Across the East Coast of the United States, some of the most visible forms for pre-contact Native American material culture can be found in the form of large earthen and shell mounds. Mounds and shell rings contain valuable information about the way in which past people lived in North America. As habitation sites, they can show us the kinds of foods that were eaten, the way in which the community lived, and how the community interacted with neighbors and their local environments.

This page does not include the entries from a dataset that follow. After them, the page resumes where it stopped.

(* Let $R$ be a commutative ring. The following are equivalent: (1) $R$ is clean; (2) $R$ is feckly clean and $R$ is a pm ring; (3) $R$ is feckly clean and whenever $a,b\in R$ satisfy $a+b=1$ there exist $r,s\in R$ with $(1+ar)(1+bs)=0$.
   Context: Rings have identity; $J(R)$ is the Jacobson radical. A ring is clean if every element is the sum of an idempotent and a unit. An element $u\in R$ is full if $RuR=R$. An element $a\in R$ is feckly clean if there exist $e\in R$ and a full element $u\in R$ with $a=e+u$ and $eR(1-e)\subseteq J(R)$; $R$ is feckly clean if every element is feckly clean. A commutative ring is a pm ring if every prime ideal is contained in exactly one maximal ideal. *)

theory Defs
  imports Main
begin

definition cr_ideal :: "'a::comm_ring_1 set \<Rightarrow> bool" where
  "cr_ideal I \<longleftrightarrow> 0 \<in> I \<and> (\<forall>x\<in>I. \<forall>y\<in>I. x + y \<in> I) \<and> (\<forall>r. \<forall>x\<in>I. r * x \<in> I)"

definition maximal_ideal :: "'a::comm_ring_1 set \<Rightarrow> bool" where
  "maximal_ideal M \<longleftrightarrow> cr_ideal M \<and> M \<noteq> UNIV \<and>
     (\<forall>I. cr_ideal I \<and> M \<subseteq> I \<longrightarrow> I = M \<or> I = UNIV)"

definition prime_ideal :: "'a::comm_ring_1 set \<Rightarrow> bool" where
  "prime_ideal P \<longleftrightarrow> cr_ideal P \<and> P \<noteq> UNIV \<and> (\<forall>a b. a * b \<in> P \<longrightarrow> a \<in> P \<or> b \<in> P)"
lemma compact_operator_uniform_BPB_approx_self:
  fixes T :: "'a::real_normed_vector \<Rightarrow>\<^sub>L 'b::real_normed_vector"
  assumes refl: "reflexive_space TYPE('a)" and kk: "kadets_klee TYPE('a)"
    and T: "compact_operator T" "norm T = 1" and \<epsilon>: "\<epsilon> > 0"
  shows "uniform_BPB_approx T T \<epsilon>"
proof (rule ccontr)
  assume "\<not> uniform_BPB_approx T T \<epsilon>"
  then have H: "\<forall>\<delta>>0. \<exists>x0. norm x0 = 1 \<and> norm (blinfun_apply T x0) > 1 - \<delta> \<and>
      (\<forall>u0. norm (blinfun_apply T u0) = 1 \<longrightarrow> norm u0 = 1 \<longrightarrow> \<epsilon> \<le> norm (u0 - x0))"
    using T(2) \<epsilon> unfolding uniform_BPB_approx_def by (auto simp: not_less) (meson not_le)
  have "\<forall>n. \<exists>x0. norm x0 = 1 \<and> norm (blinfun_apply T x0) > 1 - 1 / Suc n \<and>
      (\<forall>u0. norm (blinfun_apply T u0) = 1 \<longrightarrow> norm u0 = 1 \<longrightarrow> \<epsilon> \<le> norm (u0 - x0))"
  proof
    fix n :: nat
    show "\<exists>x0. norm x0 = 1 \<and> norm (blinfun_apply T x0) > 1 - 1 / Suc n \<and>
      (\<forall>u0. norm (blinfun_apply T u0) = 1 \<longrightarrow> norm u0 = 1 \<longrightarrow> \<epsilon> \<le> norm (u0 - x0))"
      using H[rule_format, of "1 / Suc n"] by simp
  qed
  then obtain xs where xs_all: "\<forall>n. norm (xs n) = 1 \<and> norm (blinfun_apply T (xs n)) > 1 - 1 / Suc n \<and>
      (\<forall>u0. norm (blinfun_apply T u0) = 1 \<longrightarrow> norm u0 = 1 \<longrightarrow> \<epsilon> \<le> norm (u0 - xs n))"
    by (rule choice[THEN exE])
  have xs: "\<And>n. norm (xs n) = 1"
    and almost: "\<And>n. 1 - 1 / Suc n < norm (blinfun_apply T (xs n))"
    and far: "\<And>n u0. norm (blinfun_apply T u0) = 1 \<Longrightarrow> norm u0 = 1 \<Longrightarrow> \<epsilon> \<le> norm (u0 - xs n)"
    using xs_all by blast+
  have at_most: "norm (blinfun_apply T (xs n)) \<le> 1" for n
    using norm_blinfun[of T "xs n"] T(2) xs[of n] by simp
  have lower_lim: "(\<lambda>n. 1 - 1 / Suc n) \<longlonglongrightarrow> (1 :: real)"
    using tendsto_diff[OF tendsto_const LIMSEQ_inverse_real_of_nat, of 1] by (simp add: inverse_eq_divide)
  have lower: "eventually (\<lambda>n. 1 - 1 / Suc n \<le> norm (blinfun_apply T (xs n))) sequentially"
    using almost by (intro always_eventually allI less_imp_le)
  have upper: "eventually (\<lambda>n. norm (blinfun_apply T (xs n)) \<le> 1) sequentially"
    using at_most by (intro always_eventually allI)
  have "(\<lambda>n. norm (blinfun_apply T (xs n))) \<longlonglongrightarrow> 1"
    by (rule tendsto_sandwich[OF lower upper lower_lim tendsto_const])
  then obtain r :: "nat \<Rightarrow> nat" and x where "strict_mono r"
    and x: "norm x = 1" "norm (blinfun_apply T x) = 1" and lim: "(\<lambda>n. xs (r n)) \<longlonglongrightarrow> x"
    by (rule compact_operator_maximizing_seq_converges[where xs = xs, OF refl kk T xs])
  obtain N where "\<forall>n\<ge>N. norm (xs (r n) - x) < \<epsilon>"
    using LIMSEQ_D[OF lim \<epsilon>] by blast
  then show False
    using far[OF x(2) x(1), of "r N"] by (auto simp: norm_minus_commute)
qed

section \<open>Finite-dimensional spaces\<close>

lemma abs_scaled_infdist_subspace_le:
  fixes b :: "'a::real_normed_vector"
  assumes S: "subspace S" and v: "v \<in> S"
  shows "\<bar>k\<bar> * infdist b S \<le> norm (k *\<^sub>R b + v)"
proof (cases "k = 0")
  case True
  then show ?thesis by simp
next
  case False
  have "infdist b S \<le> dist b ((- 1 / k) *\<^sub>R v)"
    using S v by (intro infdist_le) (simp add: subspace_neg subspace_scale)
  also have "\<dots> = norm ((1 / k) *\<^sub>R (k *\<^sub>R b + v))"
    using False by (simp add: dist_norm scaleR_add_right)
  also have "\<dots> = norm (k *\<^sub>R b + v) / \<bar>k\<bar>"
    by simp
  finally show ?thesis using False by (simp add: field_simps)
qed

lemma span_insert_bounded_seq_decompose:
  fixes b :: "'a::real_normed_vector" and ys :: "nat \<Rightarrow> 'a"
  assumes closed: "closed (span B)" and b: "b \<notin> span B"
    and ys: "\<And>n. ys n \<in> span (insert b B)" and bounded: "bounded (range ys)"
  obtains k :: "nat \<Rightarrow> real" and v :: "nat \<Rightarrow> 'a" where "bounded (range k)" "bounded (range v)" "\<And>n. v n \<in> span B"
    "\<And>n. ys n = k n *\<^sub>R b + v n"
proof -
  define \<delta> where "\<delta> = infdist b (span B)"
  have \<delta>: "\<delta> > 0"
    using closed b in_closed_iff_infdist_zero[OF closed, of b] infdist_nonneg[of b "span B"]
    unfolding \<delta>_def by (metis span_zero empty_iff order_neq_le_trans)
  have "\<forall>n. \<exists>c. ys n - c *\<^sub>R b \<in> span B"
    using ys span_insert[of b B] by blast
  then obtain k where v: "\<And>n. ys n - k n *\<^sub>R b \<in> span B"
    by metis
  obtain C where C: "\<And>n. norm (ys n) \<le> C"
    using bounded unfolding bounded_iff by blast
  have k: "\<bar>k n\<bar> \<le> C / \<delta>" for n
    using abs_scaled_infdist_subspace_le[OF subspace_span v[of n], of "k n" b] C[of n] \<delta>
    by (simp add: \<delta>_def field_simps)
  have "norm (ys n - k n *\<^sub>R b) \<le> C + C / \<delta> * norm b" for n
    using norm_triangle_ineq4[of "ys n" "k n *\<^sub>R b"] C[of n] mult_right_mono[OF k[of n] norm_ge_zero[of b]]
    by simp
  then have "bounded (range (\<lambda>n. ys n - k n *\<^sub>R b))"
    unfolding bounded_iff by blast
  moreover have "bounded (range k)"
    using k unfolding bounded_iff by (auto simp: real_norm_def)
  ultimately show ?thesis
    using that[of k "\<lambda>n. ys n - k n *\<^sub>R b"] v by simp
qed
lemma det_nonzero_if_lu_certificate:
  assumes "lu_certificate m n a L U"
  shows "det (mat n n (\<lambda>(i, j). a i j)) \<noteq> 0"
proof
  assume det0: "det (mat n n (\<lambda>(i, j). a i j)) = 0"
  from assms have "length U = n"
    and L: "\<And>i. i < n \<Longrightarrow> length (L ! i) = Suc i \<and> last (L ! i) = 1"
    and U: "\<And>j. j < n \<Longrightarrow> length (U ! j) = Suc j"
    and diag: "prod_list (map last U) mod m \<noteq> 0"
    and entries: "\<And>i j. i < n \<Longrightarrow> j < n \<Longrightarrow> (sum_list (map2 (*) (L ! i) (U ! j)) - a i j) mod m = 0"
    unfolding lu_certificate_def list_all_enumerate_0_iff by auto
  have "[det (mat n n (\<lambda>(i, j). a i j)) = det (lower_mat n L * upper_mat n U)] (mod m)"
  proof (rule det_cong_mod)
    fix i j assume ij: "i < n" "j < n"
    with L U have "(lower_mat n L * upper_mat n U) $$ (i, j) = sum_list (map2 (*) (L ! i) (U ! j))"
      by (intro lower_mat_mult_upper_mat) auto
    with ij entries[OF ij]
    show "[mat n n (\<lambda>(i, j). a i j) $$ (i, j) = (lower_mat n L * upper_mat n U) $$ (i, j)] (mod m)"
      by (simp add: cong_iff_dvd_diff mod_eq_0_iff_dvd dvd_diff_commute)
  qed (auto simp: lower_mat_def upper_mat_def)
  moreover have "det (lower_mat n L * upper_mat n U) = prod_list (map last U)"
    using det_mult[of "lower_mat n L" n "upper_mat n U"] det_lower_mat[OF L] det_upper_mat[OF \<open>length U = n\<close> U]
    by (simp add: lower_mat_def upper_mat_def)
  ultimately show False
    using det0 diag by (simp add: cong_def)
qed

section \<open>Chains of lines\<close>

definition det2 :: "'a::comm_ring_1 \<Rightarrow> 'a \<Rightarrow> 'a \<Rightarrow> 'a \<Rightarrow> 'a" where
  "det2 a b c d = a * d - b * c"

definition linear_form :: "(nat \<Rightarrow> 'a::comm_ring_1) \<Rightarrow> (nat \<Rightarrow> 'a) \<Rightarrow> 'a" where
  "linear_form f p = (\<Sum>k<4. f k * p k)"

Carl Lipo, Anthropologist at Binghamton University

In areas that are thickly wooded or comprise swamps and bayous, there exist mounds that have escaped nearly 150 years of archaeological survey and research. Owing to vegetation, these kinds of environments make it difficult to see beyond a couple of dozen feet, and even large mounds can be concealed from view, even if one methodically walks on the terrain.

The use of satellites and new varieties of aerial sensors such as light detection and ranging (LiDAR) have changed the way archaeologists can collect data about the archaeological record, said Lipo. Presently, researchers can examine landscapes from images and peer through the forest covering to view the ground. LiDAR has been principally effective at revealing the characteristic rises in topography that mark the existence of mounds. The challenge before archaeologists, however, is to handle such a massive array of new data that are available for analysis.

Object-based image analysis (OBIA) allows archaeologists to construct a program to automatically detect topographies of interest. OBIA is a computer-based approach that uses data from satellite images and aerial sensors to search for shapes and combinations of features that match objects of interest. In contrast to traditional satellite image analyses that focus on combinations of light wavelengths, OBIA includes characteristics of shape to the search algorithm, allowing archaeologists to more easily differentiate cultural from natural occurrences.

Lipo's team methodically identified more than 160 formerly undetected mound characteristics using LiDAR data from Beaufort County, S.C., and an OBIA approach. The result enhances the total knowledge of settlement patterns by providing organized knowledge about earlier landscapes, said Lipo.

"Through the use of OBIA, archaeologists can now repeatedly generate data about the archaeological record and find historic and pre-contact sites over massive areas that would be cost-prohibitive using pedestrian survey. We can now also peer beneath the dense canopy of trees to see things that are otherwise obscured. In areas like coast South Carolina, with large swaths of shallow bays, inlets, and bayous that are covered in forest, OBIA offers us our first look at this hidden landscape."

Having shown the effectiveness of using OBIA in conditions of thick vegetation and after enhancing their processing, Lipo and his team are expanding their work to incorporate much-larger areas.

"Fortunately, satellite and LiDAR data are now available for much of the eastern seaboard, so undertaking a large-scale project is now a task that is achievable," said Lipo. "Due to climate change and sea-level rise, many major mounds and middens on the East Coast are threatened by erosion and inundation. It is urgent we document this pre-contact landscape as soon as possible, in order to learn as much as we can about the past before it is gone forever."